PLIGHT OF THE PACHYDERM

PLIGHT OF THE PACHYDERM

Also see my trip to Thailand

Article from the Smithsonian

"Big Trouble"

September 1998

By Anthony Mecir

 

Len Homhuam is an old man but when he was young, he ventured into the seemingly boundless jungles of Thailand and Cambodia with his comrades to capture wild elephants with ropes. Back then, hundreds of thousands of the huge creatures were on the loose throughout Asia. Prized as beasts of burden, the elephants were rounded up, sometimes in entire herds, and put to work.

Today, due mainly to habitat loss and degradation, Asian elephants are an endangered species. With the wild population down to fewer than 45,000, the situation has become so urgent that the U.S. Congress recently authorized the expenditure of $25 million over five years for conservation and protection programs. In Thailand, only 1,350 elephants still roam free and another 3,800 captive animal s there have fallen on hard times. Nowadays, Homhuan reenacts his earlier hunting exploits for tourists at the annual Surin Elephant Fair and Round-up. Staged each November in the northeastern town of Surin, it celebrates a time when the elephant bestrode the Thai landscape and psyche like a colossus. For more than seven centuries, this intelligent creature served as Thailand's primary mode of transportation, penetrating precious teak forests, thundering across battlefields, performing ceremonial duties and serving the king and the royal court.

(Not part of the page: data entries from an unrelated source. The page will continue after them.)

lemma compact_Vset:
  fixes Lambda :: "real^'r::finite^'w::finite"
  assumes Lambda01: "\<forall>w r. Lambda $ w $ r = 0 \<or> Lambda $ w $ r = 1"
    and route_one_OD: "\<forall>r. \<exists>!w. Lambda $ w $ r = 1"
    and d_pos: "\<forall>w. d $ w > 0"
  shows "compact (Vset Delta Lambda d)"
proof -
  define H where "H = {h::real^'r. (\<forall>r. 0 \<le> h $ r) \<and> Lambda *v h = d}"
  have "closed H"
    unfolding H_def Collect_conj_eq
    by (intro closed_Int closed_Collect_all closed_Collect_le closed_Collect_eq continuous_intros)
  moreover have "bounded H"
    unfolding bounded_iff
  proof (intro exI ballI)
    fix h assume h: "h \<in> H"
    \<comment> \<open>The flow on a route is at most the demand of its unique OD pair.\<close>
    have route_bound: "h $ r \<le> (\<Sum>w\<in>UNIV. d $ w)" for r
    proof -
      obtain w where w: "Lambda $ w $ r = 1" using route_one_OD by blast
      have nonneg: "0 \<le> Lambda $ w $ r' * h $ r'" for r'
        using Lambda01[rule_format, of w r'] h unfolding H_def by auto
      have "h $ r = Lambda $ w $ r * h $ r" using w by simp
      also have "\<dots> \<le> (\<Sum>r'\<in>UNIV. Lambda $ w $ r' * h $ r')"
        by (rule member_le_sum) (use nonneg in simp_all)
      also have "\<dots> = d $ w" using h unfolding H_def by (auto simp: matrix_vector_mult_def)
      also have "\<dots> \<le> (\<Sum>w\<in>UNIV. d $ w)"
        by (rule member_le_sum) (use d_pos in \<open>simp_all add: less_imp_le\<close>)
      finally show ?thesis .
    qed
    have "norm h \<le> (\<Sum>r\<in>UNIV. \<bar>h $ r\<bar>)" by (rule norm_le_l1_cart)
    also have "\<dots> \<le> (\<Sum>r\<in>(UNIV::'r set). \<Sum>w\<in>UNIV. d $ w)"
    proof (rule sum_mono)
      fix r show "\<bar>h $ r\<bar> \<le> (\<Sum>w\<in>UNIV. d $ w)"
        using h route_bound[of r] unfolding H_def by simp
    qed
    finally show "norm h \<le> (\<Sum>r\<in>(UNIV::'r set). \<Sum>w\<in>UNIV. d $ w)" .
  qed
  ultimately have "compact ((*v) Delta ` H)"
    by (intro compact_continuous_image continuous_intros) (simp add: compact_eq_bounded_closed)
  moreover have "(*v) Delta ` H = Vset Delta Lambda d"
    unfolding H_def Vset_def by blast
  ultimately show ?thesis by simp
qed

lemma continuous_on_component_pair:
  fixes h :: "real \<Rightarrow> real \<Rightarrow> real"
  assumes "continuous_on ({0..} \<times> {0..}) (\<lambda>q. h (fst q) (snd q))"
  shows "continuous_on ({0..} \<times> ({0..} :: (real^'a) set)) (\<lambda>p. h (fst p $ a) (snd p $ a))"
  by (rule continuous_on_compose2[OF assms, where f = "\<lambda>p. (fst p $ a, snd p $ a)", simplified])
     (auto simp: less_eq_vec_def intro!: continuous_intros)

lemma continuous_on_ff:
  assumes "\<And>a. continuous_on ({0..} \<times> {0..}) (\<lambda>q. t a (fst q) (snd q))"
  shows "continuous_on ({0..} \<times> ({0..} :: (real^'a) set)) (\<lambda>p. ff t (fst p) (snd p))"
  unfolding ff_def
  by (intro continuous_on_sum continuous_on_component_pair[where h = "\<lambda>y v. integral {0..v} (t _ y)"]
      continuous_on_integral_0_upper assms)

lemma continuous_on_FF:
  assumes "\<And>a. continuous_on ({0..} \<times> {0..}) (\<lambda>q. t a (fst q) (snd q))"
    and "\<And>a. continuous_on {0..} (G a)"
  shows "continuous_on ({0..} \<times> ({0..} :: (real^'a) set)) (\<lambda>p. FF t G \<eta> (fst p) (snd p))"
proof -
  have G_comp: "continuous_on ({0..} \<times> ({0..} :: (real^'a) set)) (\<lambda>p. G a (fst p $ a))" for a
    by (rule continuous_on_compose2[OF assms(2)]) (auto simp: less_eq_vec_def intro!: continuous_intros)
  show ?thesis
    unfolding FF_def
    by (intro continuous_intros continuous_on_sum continuous_on_component_pair[OF assms(1)] G_comp)
qed

lemma continuous_on_Psi:
  assumes "\<And>a. continuous_on ({0..} \<times> {0..}) (\<lambda>q. t a (fst q) (snd q))"
    and "\<And>a. continuous_on {0..} (G a)"
  shows "continuous_on ({0..} \<times> ({0..} :: (real^'a) set)) (\<lambda>p. Psi t G \<eta> V dg \<rho> \<beta> yk vk (fst p) (snd p))"
  unfolding Psi_def Phi_def
  by (intro continuous_intros continuous_on_FF continuous_on_ff assms)

lemma Yset_Vset_nonneg:
  assumes "\<forall>a r. Delta $ a $ r = 0 \<or> Delta $ a $ r = 1"
  shows "Yset u \<times> Vset Delta Lambda d \<subseteq> {0..} \<times> {0..}"
  by (auto simp: Yset_eq_cbox mem_box_cart less_eq_vec_def dest: Vset_nonneg[OF assms])

lemma traffic_dc_penalty_problem:
  fixes Delta :: "real^'r::finite^'a::finite" and Lambda :: "real^'r^'w::finite"
    and t :: "'a \<Rightarrow> real \<Rightarrow> real \<Rightarrow> real"
  assumes Delta01: "\<forall>a r. Delta $ a $ r = 0 \<or> Delta $ a $ r = 1"
    and Lambda01: "\<forall>w r. Lambda $ w $ r = 0 \<or> Lambda $ w $ r = 1"
    and route_one_OD: "\<forall>r. \<exists>!w. Lambda $ w $ r = 1"
    and d_pos: "\<forall>w. d $ w > 0"
    and V_nonempty: "Vset Delta Lambda d \<noteq> {}"
    and t_C1: "\<forall>a. C1_on {p. 0 \<le> fst p \<and> 0 \<le> snd p} (\<lambda>p. t a (fst p) (snd p))"
    and G_C1: "\<forall>a. C1_on {0..} (G a)"
    and g_convex: "convex_on (Yset u) (gg t (Vset Delta Lambda d))"
    and g_grad: "\<forall>y\<in>Yset u. (gg t (Vset Delta Lambda d) has_derivative (\<lambda>h. dg y \<bullet> h))
                               (at y within Yset u)"
  shows "dc_penalty_problem (FF t G \<eta>) (ff t) (gg t (Vset Delta Lambda d)) dg
           (Yset u) (Vset Delta Lambda d)"
proof -
  define V where "V = Vset Delta Lambda d"
  have t_cont: "continuous_on ({0..} \<times> {0..}) (\<lambda>q. t a (fst q) (snd q))" for a
    using t_C1 C1_on_quadrant_imp_continuous_on by blast
  have G_cont: "continuous_on {0..} (G a)" for a
    using G_C1 C1_on_imp_continuous_on by blast
  have "compact V" unfolding V_def by (rule compact_Vset[OF Lambda01 route_one_OD d_pos])
  then have compact_YV: "compact (Yset u \<times> V)"
    by (simp add: Yset_eq_cbox compact_Times)
  have bounded_on_YV: "bounded (case_prod h ` (Yset u \<times> V))"
    if "continuous_on ({0..} \<times> {0..}) (\<lambda>p. h (fst p) (snd p))" for h :: "_ \<Rightarrow> _ \<Rightarrow> real"
    using compact_continuous_image[OF continuous_on_subset[OF that Yset_Vset_nonneg[OF Delta01, of u Lambda d, folded V_def]] compact_YV]
    by (simp add: compact_imp_bounded case_prod_unfold)
  obtain B where B: "\<And>y v. y \<in> Yset u \<Longrightarrow> v \<in> V \<Longrightarrow> \<bar>ff t y v\<bar> \<le> B"
    using bounded_on_YV[OF continuous_on_ff[OF t_cont]] by (force simp: bounded_iff)
  have bdd: "bdd_below (ff t y ` V)" if "y \<in> Yset u" for y
    by (rule bdd_belowI[of _ "- B"]) (use B[OF that] in \<open>force simp: abs_le_iff\<close>)
  show ?thesis
  proof (unfold_locales, fold V_def)
    show "bounded (case_prod (FF t G \<eta>) ` (Yset u \<times> V))"
      by (intro bounded_on_YV continuous_on_FF t_cont G_cont)
    show "bounded V" using \<open>compact V\<close> by (rule compact_imp_bounded)
    show "gg t V y \<le> ff t y v" if "y \<in> Yset u" "v \<in> V" for y v
      unfolding gg_def using bdd[OF that(1)] that(2) by (rule cINF_lower)
    show "\<exists>v\<in>V. ff t y v < gg t V y + e" if "y \<in> Yset u" "e > 0" for y e
    proof -
      have "Inf (ff t y ` V) < gg t V y + e" using that(2) by (simp add: gg_def)
      then show ?thesis
        using cInf_less_iff[of "ff t y ` V"] V_nonempty bdd[OF that(1)] by (auto simp: V_def)
    qed
    show "gg t V y + dg y \<bullet> (y' - y) \<le> gg t V y'" if "y \<in> Yset u" "y' \<in> Yset u" for y y'
      using convex_on_gradient_inequality[OF _ g_convex g_grad[rule_format]] that
      by (simp add: V_def Yset_eq_cbox convex_box)
  qed
qed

Marshaling what is probably the world's largest assemblage of domesticated elephants, about 140 in all, Homhuan and other elephant keepers, or mahouts, from all over the country show how the animals were once used as "armor" to advance against an enemy fortress. To the doomsday throb of drums, warriors sway in howdahs bristling with spears while swordsmen shield each elephant's legs. After the fortress is "taken", the victorious Thai king appears astride the neck of a richly caparisoned tusker, and an announcer tells the several thousand spectators; "These scenes are like a dream. They can only be found on the walls of ancient temples."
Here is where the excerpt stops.